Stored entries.
(* Let $L$ be a finite-dimensional solvable, non-nilpotent Lie algebra over a finite field $\mathbb{F}_q$. If $\dim\mathrm{nil}(L)$ is even and divides $\dim\mathrm{nil}_L(x)$ for all $x\in L$, then $\Gamma_{\mathfrak{N}}(L)$ is not Eulerian.
   Context: $\langle a,b\rangle$ denotes the Lie subalgebra generated by $a,b$; $\mathrm{nil}_L(h)=\{x\in L\mid \langle h,x\rangle \text{ is nilpotent}\}$ and $\mathrm{nil}(L)=\{x\in L\mid \langle h,x\rangle \text{ is nilpotent for all } h\in L\}$ (here assumed to be subspaces so that their dimensions make sense). The nilpotent graph $\Gamma_{\mathfrak{N}}(L)$ is the simple undirected graph with vertex set $L\setminus\mathrm{nil}(L)$ in which distinct vertices $x,y$ are adjacent iff $\langle x,y\rangle$ is nilpotent. A graph is Eulerian if it has a closed walk using every edge exactly once (equivalently, for a connected graph, every vertex has even degree). *)

theory Defs
  imports Main "HOL.Vector_Spaces"
begin

definition lie_algebra :: "('k::field \<Rightarrow> 'L::ab_group_add \<Rightarrow> 'L) \<Rightarrow> ('L \<Rightarrow> 'L \<Rightarrow> 'L) \<Rightarrow> bool" where
  "lie_algebra sc br \<longleftrightarrow> vector_space sc
     \<and> (\<forall>x y z. br (x + y) z = br x z + br y z)
     \<and> (\<forall>x y z. br x (y + z) = br x y + br x z)
     \<and> (\<forall>a x y. br (sc a x) y = sc a (br x y))
     \<and> (\<forall>a x y. br x (sc a y) = sc a (br x y))
     \<and> (\<forall>x. br x x = 0)
     \<and> (\<forall>x y z. br x (br y z) + br y (br z x) + br z (br x y) = 0)"

definition fin_dim :: "('k::field \<Rightarrow> 'L::ab_group_add \<Rightarrow> 'L) \<Rightarrow> bool" where
  "fin_dim sc \<longleftrightarrow> (\<exists>B. finite B \<and> module.span sc B = UNIV)"

definition subalgebra :: "('k::field \<Rightarrow> 'L::ab_group_add \<Rightarrow> 'L) \<Rightarrow> ('L \<Rightarrow> 'L \<Rightarrow> 'L) \<Rightarrow> 'L set \<Rightarrow> bool" where
  "subalgebra sc br S \<longleftrightarrow> module.subspace sc S \<and> (\<forall>x\<in>S. \<forall>y\<in>S. br x y \<in> S)"

definition gen2 :: "('k::field \<Rightarrow> 'L::ab_group_add \<Rightarrow> 'L) \<Rightarrow> ('L \<Rightarrow> 'L \<Rightarrow> 'L) \<Rightarrow> 'L \<Rightarrow> 'L \<Rightarrow> 'L set" where
  "gen2 sc br a b = \<Inter>{S. subalgebra sc br S \<and> a \<in> S \<and> b \<in> S}"

text \<open>Lower central series of a subalgebra S: S^1 = S, S^(k+1) = span [S, S^k]
 (indexed from 0 here).\<close>
fun lcs :: "('k::field \<Rightarrow> 'L::ab_group_add \<Rightarrow> 'L) \<Rightarrow> ('L \<Rightarrow> 'L \<Rightarrow> 'L) \<Rightarrow> 'L set \<Rightarrow> nat \<Rightarrow> 'L set" where
  "lcs sc br S 0 = S"
| "lcs sc br S (Suc k) = module.span sc {br x y | x y. x \<in> S \<and> y \<in> lcs sc br S k}"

Task statement. When the line with "Context: $\langle a,b\rangle$" is reached in the data above, begin copying, and stop after the line with "(indexed from 0 here).\<close>"; copy each line exactly, both ends included.

Response below.
   Context: $\langle a,b\rangle$ denotes the Lie subalgebra generated by $a,b$; $\mathrm{nil}_L(h)=\{x\in L\mid \langle h,x\rangle \text{ is nilpotent}\}$ and $\mathrm{nil}(L)=\{x\in L\mid \langle h,x\rangle \text{ is nilpotent for all } h\in L\}$ (here assumed to be subspaces so that their dimensions make sense). The nilpotent graph $\Gamma_{\mathfrak{N}}(L)$ is the simple undirected graph with vertex set $L\setminus\mathrm{nil}(L)$ in which distinct vertices $x,y$ are adjacent iff $\langle x,y\rangle$ is nilpotent. A graph is Eulerian if it has a closed walk using every edge exactly once (equivalently, for a connected graph, every vertex has even degree). *)

theory Defs
  imports Main "HOL.Vector_Spaces"
begin

definition lie_algebra :: "('k::field \<Rightarrow> 'L::ab_group_add \<Rightarrow> 'L) \<Rightarrow> ('L \<Rightarrow> 'L \<Rightarrow> 'L) \<Rightarrow> bool" where
  "lie_algebra sc br \<longleftrightarrow> vector_space sc
     \<and> (\<forall>x y z. br (x + y) z = br x z + br y z)
     \<and> (\<forall>x y z. br x (y + z) = br x y + br x z)
     \<and> (\<forall>a x y. br (sc a x) y = sc a (br x y))
     \<and> (\<forall>a x y. br x (sc a y) = sc a (br x y))
     \<and> (\<forall>x. br x x = 0)
     \<and> (\<forall>x y z. br x (br y z) + br y (br z x) + br z (br x y) = 0)"

definition fin_dim :: "('k::field \<Rightarrow> 'L::ab_group_add \<Rightarrow> 'L) \<Rightarrow> bool" where
  "fin_dim sc \<longleftrightarrow> (\<exists>B. finite B \<and> module.span sc B = UNIV)"

definition subalgebra :: "('k::field \<Rightarrow> 'L::ab_group_add \<Rightarrow> 'L) \<Rightarrow> ('L \<Rightarrow> 'L \<Rightarrow> 'L) \<Rightarrow> 'L set \<Rightarrow> bool" where
  "subalgebra sc br S \<longleftrightarrow> module.subspace sc S \<and> (\<forall>x\<in>S. \<forall>y\<in>S. br x y \<in> S)"

definition gen2 :: "('k::field \<Rightarrow> 'L::ab_group_add \<Rightarrow> 'L) \<Rightarrow> ('L \<Rightarrow> 'L \<Rightarrow> 'L) \<Rightarrow> 'L \<Rightarrow> 'L \<Rightarrow> 'L set" where
  "gen2 sc br a b = \<Inter>{S. subalgebra sc br S \<and> a \<in> S \<and> b \<in> S}"

text \<open>Lower central series of a subalgebra S: S^1 = S, S^(k+1) = span [S, S^k]
 (indexed from 0 here).\<close>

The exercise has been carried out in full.